Practices for someone who has died
It came out very beneficial to recite one mala of OM MANI PADME HUM dedicated for Arthur B., who died recently in Boston. Visualize the Thousand-arm Buddha of Compassion. Nectar beams emitted by the Buddha of Compassion purify, in particular, Arthur B. of all the negative karma he collected in this life and during beginningless past lives. You can also think that all sentient beings are purified of all their negative karma as well.
Make a strong request to the Buddha of Compassion that no matter in which realm the consciousness of Arthur B. may be, may it immediately be transferred to a pure land where he can become enlightened or be reborn in a perfect human body and soon achieve enlightenment by meeting a perfectly qualified Mahayana guru and the Mahayana teachings.
[The retreat group recites together one mala of manis.] According to my divination, recitation of King of Prayers also came out very beneficial for this person. [The group recites King of Prayers.] Put yourself in the place of this person who has died. If it was you who had died this morning, how would it be? At the time of death and especially after death, you need so much help from others. If it was you who had died this morning and you knew that a group of people were praying for you, you would be so happy to have such incredible support. Even after death, such practice is very beneficial for the person who has died, and it is also beneficial as a practice that will enable you to benefit sentient beings like all the buddhas and bodhisattvas of the three times do.
When I was in Madison last year, I got translations of some of the eight prayers that are commonly recited in Tibetan Mahayana Buddhism as dedications for yourself and others, one of which is King of Prayers. I don’t know who did the translation, but it is excellent. One is a prayer to be born in the Blissful Realm, the pure land. I thought that it would be good to alternate King of Prayers and the Prayer to be Reborn in the Land of Bliss. It is not necessary to do all eight prayers one after another, but I thought it might be nice to have a change and do different dedication prayers. It is especially good to do Prayer to be Reborn in the Land of Bliss (De-wa-chen gyi mon-lam...). Then we know how to pray for all the important things.

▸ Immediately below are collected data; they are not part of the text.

(* Let $\mathbb{G}$ be an $E$-group, $\alpha\subseteq E$ and $n\ge1$. Suppose $\mathbb{G}[\alpha]$ is compatible with every free amalgamation chain of length $m$, $1\le m\le n$, whose constituents are $\mathrm{Cay}(\mathbb{G}[\alpha_i])$ with $\alpha_i\subsetneq\alpha$; that is, for every such chain $\mathbb{A}$ and every $w\in\alpha^*$ with $[w]_{\mathbb{G}}=1$, $\pi_w$ is the identity on the vertex set of $\mathbb{A}$. Then $\mathbb{G}[\alpha]$ is $N$-acyclic for $N=n+2$.
   Context: Let $E$ be a finite set. An $E$-group is a group $\mathbb{G}$ together with an inclusion $E\subseteq\mathbb{G}$ such that $E$ generates $\mathbb{G}$ and every $e\in E$ satisfies $e\neq1$, $e^2=1$. For $w=e_1\cdots e_n\in E^*$, $[w]_{\mathbb{G}}=e_1\cdots e_n$; for $\alpha\subseteq E$, $\mathbb{G}[\alpha]$ is the subgroup generated by $\alpha$. An $E$-graph is $\mathbb{H}=(V,(R_e)_{e\in E})$ with each $R_e$ symmetric and each vertex having at most one $R_e$-neighbour; $\pi_e$ is the permutation of $V$ swapping each vertex with its $R_e$-neighbour if any and fixing it otherwise, and $\pi_{e_1\cdots e_n}=\pi_{e_n}\circ\cdots\circ\pi_{e_1}$. Free amalgamation chain: given $m\ge1$, sets $\alpha_1,\dots,\alpha_m\subsetneq\alpha$, and elements $g_i\in\mathbb{G}[\alpha_i]$ for $1\le i<m$ such that for every $1<i<m$ the sets $\mathbb{G}[\alpha_{i-1}\cap\alpha_i]$ and $g_i\mathbb{G}[\alpha_i\cap\alpha_{i+1}]$ are disjoint, the chain $\mathbb{A}=\bigoplus_{i=1}^m(\mathrm{Cay}(\mathbb{G}[\alpha_i]),g_i)$ is the $E$-graph whose vertex set is the quotient of $\bigcup_{i=1}^m\mathbb{G}[\alpha_i]\times\{i\}$ by the equivalence relation generated by $(g_ih,i)\approx(h,i+1)$ for $1\le i<m$ and $h\in\mathbb{G}[\alpha_i\cap\alpha_{i+1}]$, and whose $R_e$ is the image of $\bigcup_{i: e\in\alpha_i}\{((g,i),(ge,i)):g\in\mathbb{G}[\alpha_i]\}$; its length is $m$. A coset cycle of length $k\ge2$ in the $\alpha$-group $\mathbb{G}[\alpha]$ is a cyclically indexed family $(g_i,\beta_i)_{i\in\mathbb{Z}_k}$ with $g_i\in\mathbb{G}[\alpha]$, $\beta_i\subseteq\alpha$, such that $g_{i+1}\in g_i\mathbb{G}[\beta_i]$ and $g_i\mathbb{G}[\beta_i\cap\beta_{i-1}]\cap g_{i+1}\mathbb{G}[\beta_i\cap\beta_{i+1}]=\emptyset$ for all $i$; $N$-acyclic means no coset cycles of length $k$ with $2\le k\le N$. *)

theory Defs
  imports "HOL-Algebra.Algebra"
begin

definition E_group :: "('a, 'b) monoid_scheme \<Rightarrow> 'a set \<Rightarrow> bool" where
  "E_group G E \<longleftrightarrow> group G \<and> finite E \<and> E \<subseteq> carrier G \<and> generate G E = carrier G
     \<and> (\<forall>e\<in>E. e \<noteq> \<one>\<^bsub>G\<^esub> \<and> e \<otimes>\<^bsub>G\<^esub> e = \<one>\<^bsub>G\<^esub>)"

definition word_eval :: "('a, 'b) monoid_scheme \<Rightarrow> 'a list \<Rightarrow> 'a" where
  "word_eval G w = foldr (\<lambda>e acc. e \<otimes>\<^bsub>G\<^esub> acc) w \<one>\<^bsub>G\<^esub>"

text \<open>Indices run over 1..m; the constituents are Cay(G[as i]), the gluing elements gs i.\<close>
definition free_chain ::
  "('a, 'b) monoid_scheme \<Rightarrow> 'a set \<Rightarrow> nat \<Rightarrow> (nat \<Rightarrow> 'a set) \<Rightarrow> (nat \<Rightarrow> 'a) \<Rightarrow> bool" where
  "free_chain G \<alpha> m as gs \<longleftrightarrow> 1 \<le> m
     \<and> (\<forall>i. 1 \<le> i \<and> i \<le> m \<longrightarrow> as i \<subset> \<alpha>)
     \<and> (\<forall>i. 1 \<le> i \<and> i < m \<longrightarrow> gs i \<in> generate G (as i))
     \<and> (\<forall>i. 1 < i \<and> i < m \<longrightarrow>
          generate G (as (i - 1) \<inter> as i) \<inter> (gs i <#\<^bsub>G\<^esub> generate G (as i \<inter> as (i + 1))) = {})"

definition chain_base :: "('a, 'b) monoid_scheme \<Rightarrow> nat \<Rightarrow> (nat \<Rightarrow> 'a set) \<Rightarrow> ('a \<times> nat) set" where
  "chain_base G m as = {(g, i). 1 \<le> i \<and> i \<le> m \<and> g \<in> generate G (as i)}"

definition chain_gen ::
  "('a, 'b) monoid_scheme \<Rightarrow> nat \<Rightarrow> (nat \<Rightarrow> 'a set) \<Rightarrow> (nat \<Rightarrow> 'a) \<Rightarrow> (('a \<times> nat) \<times> ('a \<times> nat)) set" where
  "chain_gen G m as gs = {((gs i \<otimes>\<^bsub>G\<^esub> h, i), (h, i + 1)) | i h.
       1 \<le> i \<and> i < m \<and> h \<in> generate G (as i \<inter> as (i + 1))}"

definition chain_equiv ::
  "('a, 'b) monoid_scheme \<Rightarrow> nat \<Rightarrow> (nat \<Rightarrow> 'a set) \<Rightarrow> (nat \<Rightarrow> 'a) \<Rightarrow> (('a \<times> nat) \<times> ('a \<times> nat)) set" where
  "chain_equiv G m as gs =
     ((chain_gen G m as gs \<union> (chain_gen G m as gs)\<inverse>)\<^sup>* \<inter> (chain_base G m as \<times> chain_base G m as))"

definition chain_vertices ::
  "('a, 'b) monoid_scheme \<Rightarrow> nat \<Rightarrow> (nat \<Rightarrow> 'a set) \<Rightarrow> (nat \<Rightarrow> 'a) \<Rightarrow> ('a \<times> nat) set set" where
  "chain_vertices G m as gs = chain_base G m as // chain_equiv G m as gs"

definition chain_edges ::
  "('a, 'b) monoid_scheme \<Rightarrow> nat \<Rightarrow> (nat \<Rightarrow> 'a set) \<Rightarrow> (nat \<Rightarrow> 'a) \<Rightarrow> 'a
     \<Rightarrow> (('a \<times> nat) set \<times> ('a \<times> nat) set) set" where
  "chain_edges G m as gs e = {(U, W) | U W. U \<in> chain_vertices G m as gs \<and> W \<in> chain_vertices G m as gs \<and>
       (\<exists>i g. 1 \<le> i \<and> i \<le> m \<and> e \<in> as i \<and> g \<in> generate G (as i) \<and>
              (g, i) \<in> U \<and> (g \<otimes>\<^bsub>G\<^esub> e, i) \<in> W)}"

definition graph_pi :: "('v \<times> 'v) set \<Rightarrow> 'v \<Rightarrow> 'v" where
  "graph_pi R x = (if \<exists>!y. (x, y) \<in> R then THE y. (x, y) \<in> R else x)"

definition graph_pi_word :: "('e \<Rightarrow> ('v \<times> 'v) set) \<Rightarrow> 'e list \<Rightarrow> 'v \<Rightarrow> 'v" where
  "graph_pi_word R w = fold (\<lambda>e. graph_pi (R e)) w"

definition coset_cycle ::
  "('a, 'b) monoid_scheme \<Rightarrow> 'a set \<Rightarrow> nat \<Rightarrow> (nat \<Rightarrow> 'a) \<Rightarrow> (nat \<Rightarrow> 'a set) \<Rightarrow> bool" where
  "coset_cycle G \<alpha> k g \<beta> \<longleftrightarrow> 2 \<le> k \<and>
     (\<forall>i<k. g i \<in> generate G \<alpha> \<and> \<beta> i \<subseteq> \<alpha>
        \<and> g ((i + 1) mod k) \<in> g i <#\<^bsub>G\<^esub> generate G (\<beta> i)
        \<and> (g i <#\<^bsub>G\<^esub> generate G (\<beta> i \<inter> \<beta> ((i + k - 1) mod k)))
          \<inter> (g ((i + 1) mod k) <#\<^bsub>G\<^esub> generate G (\<beta> i \<inter> \<beta> ((i + 1) mod k))) = {})"

definition N_acyclic :: "('a, 'b) monoid_scheme \<Rightarrow> 'a set \<Rightarrow> nat \<Rightarrow> bool" where
  "N_acyclic G \<alpha> N \<longleftrightarrow> \<not> (\<exists>k g \<beta>. 2 \<le> k \<and> k \<le> N \<and> coset_cycle G \<alpha> k g \<beta>)"

end

theory Submission
  imports Defs
begin

(* A coset cycle (g_i, beta_i) of length k <= n + 2 gives elements h_i = g_i^-1 g_(i+1) in G[beta_i]
   with h_1 ... h_(k-1) h_0 = 1. Gluing Cay(G[beta_1]), ..., Cay(G[beta_m]) along h_1, ..., h_(m-1),
   where m = max 1 (k - 2) <= n, yields a free amalgamation chain: freeness, and properness of the
   beta_i, are instances of the disjointness conditions of the cycle. Spelling every h_i as a word
   u_i over beta_i, the word u_1 ... u_(k-1) u_0 evaluates to 1 but moves the vertex [1]_1: the
   prefix u_1 ... u_m walks along the chain to [h_m]_m, the remaining letters of u_1 ... u_(k-1) keep
   the walk among the vertices [x]_m with x in h_m G[beta_m & beta_(m+1)], whereas u_0 reaches [1]_1
   only from vertices [x]_1 with x in G[beta_1 & beta_0]. The disjointness conditions at the two
   ends of the chain keep these two sets of vertices apart. *)

lemma graph_pi_eqI:
  assumes "(x, y) \<in> R" and "\<And>z. (x, z) \<in> R \<Longrightarrow> z = y"
  shows "graph_pi R x = y"
proof -
  have "\<exists>!y. (x, y) \<in> R" using assms by blast
  moreover have "(THE y. (x, y) \<in> R) = y" using assms by (rule the_equality)
  ultimately show ?thesis by (simp add: graph_pi_def)
qed

lemma graph_pi_isolated: "(\<And>y. (x, y) \<notin> R) \<Longrightarrow> graph_pi R x = x"
  by (auto simp: graph_pi_def)

lemma graph_pi_word_Nil [simp]: "graph_pi_word R [] v = v"
  by (simp add: graph_pi_word_def)

lemma graph_pi_word_Cons [simp]: "graph_pi_word R (e # w) v = graph_pi_word R w (graph_pi (R e) v)"
  by (simp add: graph_pi_word_def)

lemma graph_pi_word_append: "graph_pi_word R (a @ b) v = graph_pi_word R b (graph_pi_word R a v)"
  by (simp add: graph_pi_word_def)

lemma graph_pi_word_preserves:
  assumes "\<And>e v. e \<in> B \<Longrightarrow> v \<in> S \<Longrightarrow> graph_pi (R e) v \<in> S"
    and "set w \<subseteq> B" and "v \<in> S"
  shows "graph_pi_word R w v \<in> S"
  using assms(2,3) by (induction w arbitrary: v) (auto intro: assms(1))

context group
begin

lemma word_eval_Nil [simp]: "word_eval G [] = \<one>"
  by (simp add: word_eval_def)

lemma word_eval_Cons [simp]: "word_eval G (a # w) = a \<otimes> word_eval G w"
  by (simp add: word_eval_def)

lemma word_eval_closed: "set w \<subseteq> carrier G \<Longrightarrow> word_eval G w \<in> carrier G"
  by (induction w) auto

lemma word_eval_append:
  "set a \<subseteq> carrier G \<Longrightarrow> set b \<subseteq> carrier G \<Longrightarrow>
   word_eval G (a @ b) = word_eval G a \<otimes> word_eval G b"
  by (induction a) (auto simp: m_assoc word_eval_closed)

lemma word_eval_append_rev:
  assumes "set w \<subseteq> carrier G" and "\<And>e. e \<in> set w \<Longrightarrow> e \<otimes> e = \<one>"
  shows "word_eval G (w @ rev w) = \<one>"
  using assms
proof (induction w)
  case (Cons a w)
  then have "word_eval G ((w @ rev w) @ [a]) = a"
    by (subst word_eval_append) auto
  then show ?case using Cons.prems by simp
qed simp

lemma word_eval_concat_telescope:
  assumes "a \<le> b" and "\<And>i. f i \<in> carrier G"
    and "\<And>i. a \<le> i \<Longrightarrow> i < b \<Longrightarrow> set (u i) \<subseteq> carrier G \<and> word_eval G (u i) = inv (f i) \<otimes> f (Suc i)"
  shows "word_eval G (concat (map u [a..<b])) = inv (f a) \<otimes> f b"
  using assms(1)
proof (induction b rule: dec_induct)
  case base
  then show ?case using assms(2) by simp
next
  case (step j)
  have "\<forall>i\<in>{a..<j}. set (u i) \<subseteq> carrier G" using assms(3) step.hyps by simp
  then have "set (concat (map u [a..<j])) \<subseteq> carrier G" by auto
  then have "word_eval G (concat (map u [a..<Suc j]))
      = inv (f a) \<otimes> f j \<otimes> (inv (f j) \<otimes> f (Suc j))"
    using step assms(3) by (simp add: word_eval_append)
  also have "\<dots> = inv (f a) \<otimes> f (Suc j)"
    using assms(2) by (simp add: m_assoc[symmetric]) (simp add: m_assoc)
  finally show ?case .
qed

lemma generate_involutions_word:
  assumes "A \<subseteq> carrier G" and "\<And>e. e \<in> A \<Longrightarrow> e \<otimes> e = \<one>" and "x \<in> generate G A"
  shows "\<exists>w. set w \<subseteq> A \<and> word_eval G w = x"
  using assms(3)
proof (induction rule: generate.induct)
  case one
  show ?case by (intro exI[of _ "[]"]) simp
next
  case (incl h)
  then show ?case using assms(1) by (intro exI[of _ "[h]"]) auto
next
  case (inv h)
  then have "inv h = h" using assms by (metis inv_equality subsetD)
  then show ?case using inv assms(1) by (intro exI[of _ "[h]"]) auto
next
  case (eng h1 h2)
  then obtain w1 w2 where "set w1 \<subseteq> A" "word_eval G w1 = h1" "set w2 \<subseteq> A" "word_eval G w2 = h2"
    by blast
  then show ?case using assms(1) by (intro exI[of _ "w1 @ w2"]) (auto simp: word_eval_append)
qed

lemma mem_l_coset_iff: "x \<in> a <# H \<longleftrightarrow> (\<exists>h\<in>H. x = a \<otimes> h)"
  by (auto simp: l_coset_def)
lemma integral_pearson_op:
  fixes \<alpha> a :: real
  assumes "\<alpha> > 0" and "0 \<le> a"
  shows "(LINT x:{a<..}|lborel. poly (pearson_op \<alpha> q) x * x powr (\<alpha> - 1) * exp (- x))
           = - (a powr \<alpha> * exp (- a) * poly q a)"
proof -
  define F where "F = (\<lambda>x. x powr \<alpha> * exp (- x) * poly q x)"
  have "continuous_on {0..} F"
    unfolding F_def using assms(1)
    by (intro continuous_intros continuous_on_powr') auto
  then have "(F \<longlongrightarrow> F a) (at a within {a..})"
    using assms(2) by (auto simp: continuous_on_def intro: tendsto_within_subset)
  then have "(F \<longlongrightarrow> F a) (at_right a)"
    by (rule tendsto_within_subset) auto
  then have "(LBINT x=ereal a..\<infinity>. poly (pearson_op \<alpha> q) x * x powr (\<alpha> - 1) * exp (- x)) = 0 - F a"
  proof (intro interval_integral_FTC_integrable[where F = F])
    show "set_integrable lborel (einterval (ereal a) \<infinity>)
            (\<lambda>x. poly (pearson_op \<alpha> q) x * x powr (\<alpha> - 1) * exp (- x))"
      using laguerre_poly_integrable[OF assms] by (simp add: einterval_def greaterThan_def)
    show "((F \<circ> real_of_ereal) \<longlongrightarrow> 0) (at_left \<infinity>)"
      unfolding ereal_tendsto_simps F_def by (rule laguerre_factor_tendsto_0_at_top)
  qed (use assms(2) in \<open>auto simp: F_def ereal_tendsto_simps has_real_derivative_laguerre_factor
        simp flip: has_real_derivative_iff_has_vector_derivative intro!: continuous_intros\<close>)
  then show ?thesis
    by (simp add: F_def interval_lebesgue_integral_def einterval_def greaterThan_def)
qed

definition jump_laguerre_functional :: "real \<Rightarrow> real \<Rightarrow> real \<Rightarrow> real \<Rightarrow> real poly \<Rightarrow> real" where
  "jump_laguerre_functional \<alpha> A B t q =
     A * (LINT x:{0<..}|lborel. poly q x * x powr (\<alpha> - 1) * exp (- x)) +
     B * (LINT x:{t<..}|lborel. poly q x * x powr (\<alpha> - 1) * exp (- x))"

lemma jump_laguerre_functional_add:
  assumes "\<alpha> > 0" and "0 \<le> t"
  shows "jump_laguerre_functional \<alpha> A B t (p + q)
           = jump_laguerre_functional \<alpha> A B t p + jump_laguerre_functional \<alpha> A B t q"
  using laguerre_poly_integrable[OF assms(1) order_refl] laguerre_poly_integrable[OF assms]
  by (simp add: jump_laguerre_functional_def algebra_simps)

lemma jump_laguerre_functional_smult:
  "jump_laguerre_functional \<alpha> A B t (smult c q) = c * jump_laguerre_functional \<alpha> A B t q"
  by (simp add: jump_laguerre_functional_def algebra_simps)

lemma jump_laguerre_functional_pearson_op:
  assumes "\<alpha> > 0" and "0 \<le> t"
  shows "jump_laguerre_functional \<alpha> A B t (pearson_op \<alpha> q) = - (B * t powr \<alpha> * exp (- t) * poly q t)"
  using integral_pearson_op[OF assms(1) order_refl] integral_pearson_op[OF assms]
  by (simp add: jump_laguerre_functional_def)

lemma indicator_mult_jump_laguerre_weight:
  fixes \<alpha> t x :: real and q :: "real poly"
  assumes "0 \<le> t"
  defines "f \<equiv> poly ([:0, 1:] * q) x * x powr (\<alpha> - 1) * exp (- x)"
  shows "indicator {0..} x * (poly q x * jump_laguerre_weight \<alpha> A B t x)
           = A * (indicator {0<..} x * f) + B * (indicator {t<..} x * f)"
proof (cases "x > 0")
  case True
  then have "x powr \<alpha> = x * x powr (\<alpha> - 1)"
    by (simp add: powr_diff)
  then show ?thesis
    using True by (auto simp: f_def jump_laguerre_weight_def heaviside_def indicator_def algebra_simps)
next
  case False
  then show ?thesis
    using assms by (auto simp: jump_laguerre_weight_def heaviside_def indicator_def)
qed

lemma jump_laguerre_weight_integrable:
  assumes "\<alpha> > 0" and "0 \<le> t"
  shows "set_integrable lborel {0..} (\<lambda>x. poly q x * jump_laguerre_weight \<alpha> A B t x)"
  using laguerre_poly_integrable[OF assms(1) order_refl, of "[:0, 1:] * q"]
    laguerre_poly_integrable[OF assms, of "[:0, 1:] * q"]
  unfolding set_integrable_def by (simp add: indicator_mult_jump_laguerre_weight[OF assms(2)])

lemma integral_jump_laguerre_weight:
  assumes "\<alpha> > 0" and "0 \<le> t"
  shows "(LINT x:{0..}|lborel. poly q x * jump_laguerre_weight \<alpha> A B t x)
           = jump_laguerre_functional \<alpha> A B t ([:0, 1:] * q)"
  using laguerre_poly_integrable[OF assms(1) order_refl, of "[:0, 1:] * q"]
    laguerre_poly_integrable[OF assms, of "[:0, 1:] * q"]
  unfolding set_integrable_def set_lebesgue_integral_def jump_laguerre_functional_def
  by (simp add: indicator_mult_jump_laguerre_weight[OF assms(2)])

lemma degree_diff_smult_monic_less:
  fixes p q :: "'a::comm_ring_1 poly"
  assumes "degree q \<le> degree p" and "lead_coeff p = 1"
  defines "r \<equiv> q - smult (coeff q (degree p)) p"
  shows "r = 0 \<or> degree r < degree p"
proof -
  have "degree r \<le> degree p"
    unfolding r_def using assms(1) degree_smult_le by (intro degree_diff_le) auto
  moreover have "coeff r (degree p) = 0"
    using assms(2) by (simp add: r_def)
  ultimately show ?thesis
    by (metis le_neq_implies_less leading_coeff_0_iff)
qed

locale pearson_functional =
  fixes L :: "real poly \<Rightarrow> real" and \<alpha> W t :: real
  assumes L_add: "L (p + q) = L p + L q"
    and L_smult: "L (smult c q) = c * L q"
    and L_pearson_op: "L (pearson_op \<alpha> q) = - (W * poly q t)"
begin

lemma L_diff: "L (p - q) = L p - L q"
  using L_add[of p "smult (- 1) q"] L_smult[of "- 1" q] by simp

definition ip :: "real poly \<Rightarrow> real poly \<Rightarrow> real" where
  "ip a b = L ([:0, 1:] * a * b)"

lemma ip_commute: "ip a b = ip b a"
  by (simp add: ip_def mult_ac)

lemma ip_0_right [simp]: "ip a 0 = 0"
  using L_smult[of 0 0] by (simp add: ip_def)

lemma ip_add_right: "ip a (b + c) = ip a b + ip a c"
  unfolding ip_def by (metis L_add distrib_left)

lemma ip_smult_right: "ip a (smult c b) = c * ip a b"
  unfolding ip_def by (metis L_smult mult_smult_right)

lemma ip_diff_right: "ip a (b - c) = ip a b - ip a c"
  unfolding ip_def by (metis L_diff right_diff_distrib)

lemma L_mult_pCons: "L (a * pCons c d) = c * L a + ip a d"
proof -
  have "a * pCons c d = smult c a + [:0, 1:] * a * d"
    by (simp add: mult_pCons_right mult_ac)
  then show ?thesis
    by (simp add: L_add L_smult ip_def)
qed

lemma L_pearson_op_mult:
  "\<alpha> * L (a * b) + ip (pderiv a) b + ip a (pderiv b) - ip a b = - (W * poly a t * poly b t)"
proof -
  have "pearson_op \<alpha> (a * b) = smult \<alpha> (a * b) + [:0, 1:] * pderiv a * b
          + [:0, 1:] * a * pderiv b - [:0, 1:] * a * b"
    by (simp add: pearson_op_def pderiv_mult algebra_simps)
  then have "L (pearson_op \<alpha> (a * b)) = \<alpha> * L (a * b) + ip (pderiv a) b + ip a (pderiv b) - ip a b"
    by (simp only: L_add L_diff L_smult ip_def)
  then show ?thesis
    by (simp add: L_pearson_op)
qed

end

As I mentioned at another time, when I was in Madison studying with Geshe Sopa Rinpoche last year, from time to time Geshe-la would receive requests for prayers from people. Geshe-la would call everybody there—all the other geshes and lamas—to do prayers. I thought it was extremely good that Geshe-la, when requested, took such precise care of people who had died and needed help. Geshe-la specifically decided to do prayers in the gompa room together with all the geshes and lamas there. Geshe Tengye, an old geshe who is one of Geshe-la’s disciples, led the prayers. Even though this Prayer to be Reborn in the Land of Bliss was not new to me, because he led the prayer, I somehow found it very effective and beneficial for my mind. It is actually a common prayer. I had thought to translate it into English and make it available so that students also get the chance to recite this prayer, but it seems that somebody has already translated it. I don’t know who did the translation, but it’s translated extremely well. I have a copy of the English translation, and I think it is very good to recite this to pray for yourself and for others. [See the FPMT Prayer Book.] I think that is all.